■ **Exercise instructions**: There is one span to output from the data below: the lines starting at the line with "V \<Longrightarrow> bary" and ending at the line with "x + v *\<^sub>R". Output it exactly, ends included, nothing more.

■ **Provided information**:
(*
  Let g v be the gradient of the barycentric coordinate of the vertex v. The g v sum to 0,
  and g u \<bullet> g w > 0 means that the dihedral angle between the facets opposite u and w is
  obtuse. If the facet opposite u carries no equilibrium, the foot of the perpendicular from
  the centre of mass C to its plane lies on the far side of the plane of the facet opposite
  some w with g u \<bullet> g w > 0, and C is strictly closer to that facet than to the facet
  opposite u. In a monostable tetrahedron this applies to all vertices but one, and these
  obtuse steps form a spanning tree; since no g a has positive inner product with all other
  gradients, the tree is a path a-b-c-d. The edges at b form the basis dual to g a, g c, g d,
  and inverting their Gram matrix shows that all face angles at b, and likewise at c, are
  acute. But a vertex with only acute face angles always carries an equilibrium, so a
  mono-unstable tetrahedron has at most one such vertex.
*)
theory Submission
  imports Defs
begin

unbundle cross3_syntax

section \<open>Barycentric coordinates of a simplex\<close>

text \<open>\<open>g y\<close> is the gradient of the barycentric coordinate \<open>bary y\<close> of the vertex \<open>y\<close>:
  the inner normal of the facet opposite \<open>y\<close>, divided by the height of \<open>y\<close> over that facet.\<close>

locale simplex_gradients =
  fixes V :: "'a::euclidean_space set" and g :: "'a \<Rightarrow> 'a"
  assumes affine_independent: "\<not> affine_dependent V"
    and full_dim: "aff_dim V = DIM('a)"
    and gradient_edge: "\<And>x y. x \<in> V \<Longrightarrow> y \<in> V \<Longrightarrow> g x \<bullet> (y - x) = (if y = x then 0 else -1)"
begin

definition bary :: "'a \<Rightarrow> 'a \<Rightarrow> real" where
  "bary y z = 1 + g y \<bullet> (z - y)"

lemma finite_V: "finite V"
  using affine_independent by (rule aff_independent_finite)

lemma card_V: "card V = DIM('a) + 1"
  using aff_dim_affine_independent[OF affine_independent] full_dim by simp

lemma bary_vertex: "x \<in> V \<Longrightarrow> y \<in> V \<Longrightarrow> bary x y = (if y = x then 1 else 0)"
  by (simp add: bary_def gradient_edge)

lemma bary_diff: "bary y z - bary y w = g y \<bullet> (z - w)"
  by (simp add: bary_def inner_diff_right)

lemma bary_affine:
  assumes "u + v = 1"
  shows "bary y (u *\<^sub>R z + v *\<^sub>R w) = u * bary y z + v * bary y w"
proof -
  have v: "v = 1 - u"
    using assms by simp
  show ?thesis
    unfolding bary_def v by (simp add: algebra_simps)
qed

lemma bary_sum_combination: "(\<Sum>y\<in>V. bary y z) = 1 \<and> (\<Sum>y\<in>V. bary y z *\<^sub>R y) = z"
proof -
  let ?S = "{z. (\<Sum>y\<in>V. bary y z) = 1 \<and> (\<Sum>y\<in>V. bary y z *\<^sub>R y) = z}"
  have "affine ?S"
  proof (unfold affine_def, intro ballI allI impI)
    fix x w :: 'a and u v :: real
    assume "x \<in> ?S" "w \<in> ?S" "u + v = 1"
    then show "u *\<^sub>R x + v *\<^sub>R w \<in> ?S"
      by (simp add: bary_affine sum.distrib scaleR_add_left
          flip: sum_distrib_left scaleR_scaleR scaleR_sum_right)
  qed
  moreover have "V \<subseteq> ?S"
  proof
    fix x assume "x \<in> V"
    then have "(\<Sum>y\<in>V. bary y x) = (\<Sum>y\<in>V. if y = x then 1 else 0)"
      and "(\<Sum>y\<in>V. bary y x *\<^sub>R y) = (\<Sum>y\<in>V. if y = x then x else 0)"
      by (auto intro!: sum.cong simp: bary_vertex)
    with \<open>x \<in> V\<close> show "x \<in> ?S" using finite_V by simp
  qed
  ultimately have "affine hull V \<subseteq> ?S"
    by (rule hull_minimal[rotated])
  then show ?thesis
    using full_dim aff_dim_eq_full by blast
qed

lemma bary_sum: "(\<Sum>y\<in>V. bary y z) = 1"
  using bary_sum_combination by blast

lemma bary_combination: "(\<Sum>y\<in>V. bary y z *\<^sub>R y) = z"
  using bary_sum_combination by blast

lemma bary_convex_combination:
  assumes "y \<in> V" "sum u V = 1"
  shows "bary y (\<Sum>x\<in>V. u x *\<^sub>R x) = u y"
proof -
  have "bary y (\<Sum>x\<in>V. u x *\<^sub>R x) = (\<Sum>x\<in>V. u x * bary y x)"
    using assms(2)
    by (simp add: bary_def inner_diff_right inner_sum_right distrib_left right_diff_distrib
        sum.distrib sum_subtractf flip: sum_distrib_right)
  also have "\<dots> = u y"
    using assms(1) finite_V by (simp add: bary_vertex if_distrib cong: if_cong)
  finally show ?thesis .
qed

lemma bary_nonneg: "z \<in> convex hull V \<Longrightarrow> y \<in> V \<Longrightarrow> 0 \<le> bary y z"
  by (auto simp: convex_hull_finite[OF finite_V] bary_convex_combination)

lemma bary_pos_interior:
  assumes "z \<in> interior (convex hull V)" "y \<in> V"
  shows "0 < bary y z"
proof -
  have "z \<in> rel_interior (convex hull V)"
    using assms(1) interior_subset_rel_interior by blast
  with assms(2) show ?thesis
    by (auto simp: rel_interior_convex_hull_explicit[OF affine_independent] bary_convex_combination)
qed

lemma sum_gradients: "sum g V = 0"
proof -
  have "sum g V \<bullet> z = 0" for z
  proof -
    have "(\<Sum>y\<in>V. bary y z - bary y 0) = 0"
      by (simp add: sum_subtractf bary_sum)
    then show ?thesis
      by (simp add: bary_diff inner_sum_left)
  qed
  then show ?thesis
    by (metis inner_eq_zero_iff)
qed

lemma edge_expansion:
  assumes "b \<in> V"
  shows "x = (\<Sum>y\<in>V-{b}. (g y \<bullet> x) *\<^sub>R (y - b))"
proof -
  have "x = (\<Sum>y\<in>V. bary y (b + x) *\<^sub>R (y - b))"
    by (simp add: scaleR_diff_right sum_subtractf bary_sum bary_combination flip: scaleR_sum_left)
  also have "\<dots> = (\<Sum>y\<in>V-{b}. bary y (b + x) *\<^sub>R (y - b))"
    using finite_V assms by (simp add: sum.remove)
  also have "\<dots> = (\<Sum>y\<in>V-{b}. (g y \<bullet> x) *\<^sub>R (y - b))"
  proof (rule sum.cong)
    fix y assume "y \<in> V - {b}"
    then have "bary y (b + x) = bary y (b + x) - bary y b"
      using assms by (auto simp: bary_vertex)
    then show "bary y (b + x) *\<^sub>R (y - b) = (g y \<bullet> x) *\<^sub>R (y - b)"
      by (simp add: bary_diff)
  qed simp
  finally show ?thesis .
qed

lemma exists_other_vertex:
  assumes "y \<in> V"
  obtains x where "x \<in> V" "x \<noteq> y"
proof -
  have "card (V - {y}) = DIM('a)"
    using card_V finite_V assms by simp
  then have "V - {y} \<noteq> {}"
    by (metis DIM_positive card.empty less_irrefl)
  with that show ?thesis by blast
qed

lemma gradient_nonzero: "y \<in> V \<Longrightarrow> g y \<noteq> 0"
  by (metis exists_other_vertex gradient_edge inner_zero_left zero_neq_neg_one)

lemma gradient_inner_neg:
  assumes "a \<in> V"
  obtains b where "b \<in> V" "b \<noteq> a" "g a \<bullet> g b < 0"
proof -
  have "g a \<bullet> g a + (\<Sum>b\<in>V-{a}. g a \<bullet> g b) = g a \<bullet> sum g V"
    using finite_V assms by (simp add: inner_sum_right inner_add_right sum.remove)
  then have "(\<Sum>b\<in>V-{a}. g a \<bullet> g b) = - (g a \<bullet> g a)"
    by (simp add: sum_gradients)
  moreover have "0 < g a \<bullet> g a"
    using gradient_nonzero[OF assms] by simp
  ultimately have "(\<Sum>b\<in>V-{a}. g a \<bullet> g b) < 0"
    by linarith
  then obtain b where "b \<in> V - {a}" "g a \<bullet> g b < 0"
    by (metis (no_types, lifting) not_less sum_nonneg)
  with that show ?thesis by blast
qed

■ **Answer box**:
lemma bary_vertex: "x \<in> V \<Longrightarrow> y \<in> V \<Longrightarrow> bary x y = (if y = x then 1 else 0)"
  by (simp add: bary_def gradient_edge)

lemma bary_diff: "bary y z - bary y w = g y \<bullet> (z - w)"
  by (simp add: bary_def inner_diff_right)

lemma bary_affine:
  assumes "u + v = 1"
  shows "bary y (u *\<^sub>R z + v *\<^sub>R w) = u * bary y z + v * bary y w"
proof -
  have v: "v = 1 - u"
    using assms by simp
  show ?thesis
    unfolding bary_def v by (simp add: algebra_simps)
qed

lemma bary_sum_combination: "(\<Sum>y\<in>V. bary y z) = 1 \<and> (\<Sum>y\<in>V. bary y z *\<^sub>R y) = z"
proof -
  let ?S = "{z. (\<Sum>y\<in>V. bary y z) = 1 \<and> (\<Sum>y\<in>V. bary y z *\<^sub>R y) = z}"
  have "affine ?S"
  proof (unfold affine_def, intro ballI allI impI)
    fix x w :: 'a and u v :: real
    assume "x \<in> ?S" "w \<in> ?S" "u + v = 1"
    then show "u *\<^sub>R x + v *\<^sub>R w \<in> ?S"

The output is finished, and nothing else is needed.